Land value growth sets record in Alameda County

Dublin scores biggest gains in assessed property values among Tri-Valley cities; Pleasanton and Livermore also up year-over-year

Land in Alameda County reached a gross value record this fiscal year of $321.5 billion, according to an annual local assessment roll of 518,600 taxable properties released last week by the Alameda County Assessor's Office.

First-year Assessor Phong La credited increased real estate values and a recovering economy for the 7.13% increase in the 2019-20 fiscal year compared to the previous year, which translates to an additional $21.4 billion in assessed land value.

"The revenue generated by the assessment roll continues to support schools, public safety, parks, roads and other essential services," La said in a statement.

Several more factors contributed to this year's value growth including applying the 2% mandatory inflation index to properties with assessed values that were unaffected in previous years by assessment declines. That added about $5.6 billion, while construction activity and real estate sales and transfers gave $2.5 and $11.3 billion, respectively.

Businesses have also "flourished" and are considered by the county to be "a key factor in the growth in the assessment roll, as these company's business personal property assessments have increased by $1.1 billion," La said. The county's assessment role has increased 35%, or $73 billion as well in the past five years.

Oakland remains the highest-valued jurisdiction in Alameda County at $68.8 billion, but one community in the Tri-Valley stood out this year. The city of Dublin saw the largest increase in assessed value from the previous year at 10.3%, to just over $18 billion overall, according to county officials.

Pleasanton saw a 6.4% increase in assessed value, from $24.1 billion last year to its current assessment of just under $25.7 billion across 28,067 parcels, according to county officials. In Livermore, the assessment roll stands at just under $20.6 billion, an increase of 5.8% year-over-year.
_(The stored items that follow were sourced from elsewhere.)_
(* Let $F,G$ be finitely supported sequences on $\mathbb{Z}$ with values in $\mathbb{D}$, with $\operatorname{supp}F\subset(-\infty,N_1]$, $\operatorname{supp}G\subset[-N_2,\infty)$, and let $N>N_1+N_2$. Then for every $M\geqslant -N_2$: $$\mathfrak{a}^{( * )}(z,F+(G^{\leqslant M})_{\to N})=\mathfrak{a}^{( * )}(z,F)\mathfrak{a}^{( * )}(z,G^{\leqslant M})+z^N\mathfrak{b}^{( * )}(z,F)\mathfrak{b}(z,G^{\leqslant M}),$$ $$\mathfrak{b}(z,F+(G^{\leqslant M})_{\to N})=z^N\mathfrak{b}(z,G^{\leqslant M})\mathfrak{a}(z,F)+\mathfrak{b}(z,F)\mathfrak{a}^{( * )}(z,G^{\leqslant M}),$$ and, for $z\in\mathbb{T}$, $$|\mathfrak{r}(z,F+(G^{\leqslant M})_{\to N})-\mathfrak{r}(z,F)|\leqslant\frac{|\mathfrak{r}(z,G^{\leqslant M})|}{1-|\mathfrak{r}(z,G^{\leqslant M})|}.$$
   Context: $\mathbb{T}$, $\mathbb{D}$ denote the unit circle and open unit disc. For a sequence $H$ on $\mathbb{Z}$ and $M,N\in\mathbb{Z}$: $(H_{\to N})_n=H_{n-N}$ and $H^{\leqslant M}=H\chi_{n\leqslant M}$. For a finitely supported sequence $G$ with values in $\mathbb{D}$: let $\widetilde X_n(z)=I$ for $n$ below the support and $\widetilde X_n=(1-|G_n|^2)^{-1/2}\begin{pmatrix}1&\overline{G_n}z^{-n}\\ G_nz^n&1\end{pmatrix}\widetilde X_{n-1}$; for $n$ above the support $\widetilde X_n=\begin{pmatrix}\mathfrak{a}(z,G)&\mathfrak{b}^{( * )}(z,G)\\ \mathfrak{b}(z,G)&\mathfrak{a}^{( * )}(z,G)\end{pmatrix}$, where $f^{( * )}(z)=\overline{f(\bar z^{-1})}$. Also $\mathfrak{r}(z,G)=\mathfrak{b}(z,G)/\mathfrak{a}^{( * )}(z,G)$. *)

theory Defs
  imports "HOL-Analysis.Analysis"
begin

definition supp_seq :: "(int \<Rightarrow> complex) \<Rightarrow> int set" where
  "supp_seq H = {n. H n \<noteq> 0}"

definition shift_seq :: "(int \<Rightarrow> complex) \<Rightarrow> int \<Rightarrow> (int \<Rightarrow> complex)" where
  "shift_seq H N = (\<lambda>n. H (n - N))"

definition trunc_seq :: "(int \<Rightarrow> complex) \<Rightarrow> int \<Rightarrow> (int \<Rightarrow> complex)" where
  "trunc_seq H M = (\<lambda>n. if n \<le> M then H n else 0)"

definition step_mat :: "(int \<Rightarrow> complex) \<Rightarrow> complex \<Rightarrow> int \<Rightarrow> complex^2^2" where
  "step_mat G z n =
     (1 / sqrt (1 - (cmod (G n))\<^sup>2)) *\<^sub>R
       vector [vector [1, cnj (G n) * z powi (-n)], vector [G n * z powi n, 1]]"

text \<open>Product step(hi) ** ... ** step(lo) (i.e. X_hi when X_(lo-1) = I).\<close>
definition transfer_on :: "(int \<Rightarrow> complex) \<Rightarrow> complex \<Rightarrow> int \<Rightarrow> int \<Rightarrow> complex^2^2" where
  "transfer_on G z lo hi = foldl (\<lambda>A k. step_mat G z k ** A) (mat 1) [lo..hi]"

text \<open>The matrix X_n for n above the (finite) support.\<close>
definition transfer :: "(int \<Rightarrow> complex) \<Rightarrow> complex \<Rightarrow> complex^2^2" where
  "transfer G z = (if supp_seq G = {} then mat 1
                   else transfer_on G z (Min (supp_seq G)) (Max (supp_seq G)))"

definition frak_a :: "complex \<Rightarrow> (int \<Rightarrow> complex) \<Rightarrow> complex" where
  "frak_a z G = transfer G z $ 1 $ 1"

definition frak_b :: "complex \<Rightarrow> (int \<Rightarrow> complex) \<Rightarrow> complex" where
  "frak_b z G = transfer G z $ 2 $ 1"

definition frak_a_star :: "complex \<Rightarrow> (int \<Rightarrow> complex) \<Rightarrow> complex" where
  "frak_a_star z G = cnj (frak_a (1 / cnj z) G)"

definition frak_b_star :: "complex \<Rightarrow> (int \<Rightarrow> complex) \<Rightarrow> complex" where
  "frak_b_star z G = cnj (frak_b (1 / cnj z) G)"

definition frak_r :: "complex \<Rightarrow> (int \<Rightarrow> complex) \<Rightarrow> complex" where
  "frak_r z G = frak_b z G / frak_a_star z G"

end

theory Submission
  imports Defs
begin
With a 2.7% unemployment rate lower than the state and national averages, the county's outlook is good but "there are indicators that this tremendous growth in the economy may be coming to an end," La said. He did not provide any details but advocated "preparing for a potential recession now rather than having it come as a surprise."

All secured roll property owners in Alameda County will receive notification by mail. Property owners with questions regarding their property assessment are asked to call the Assessor's Office at 510-272-3787 (real estate assessments) or 510-272-3836 (business personal property assessments) or visit online at

Formal appeals of the 2019-20 assessed values must be made by Sept. 16 with the Clerk, Board of Supervisors, Assessment Appeals Unit, on their assessment appeal application. The application and instruction booklet can be viewed and printed at

Property tax bills for fiscal year 2019-20 will be mailed in October by the Alameda County tax collector and will be based upon the assessor's 2019-20 assessed values.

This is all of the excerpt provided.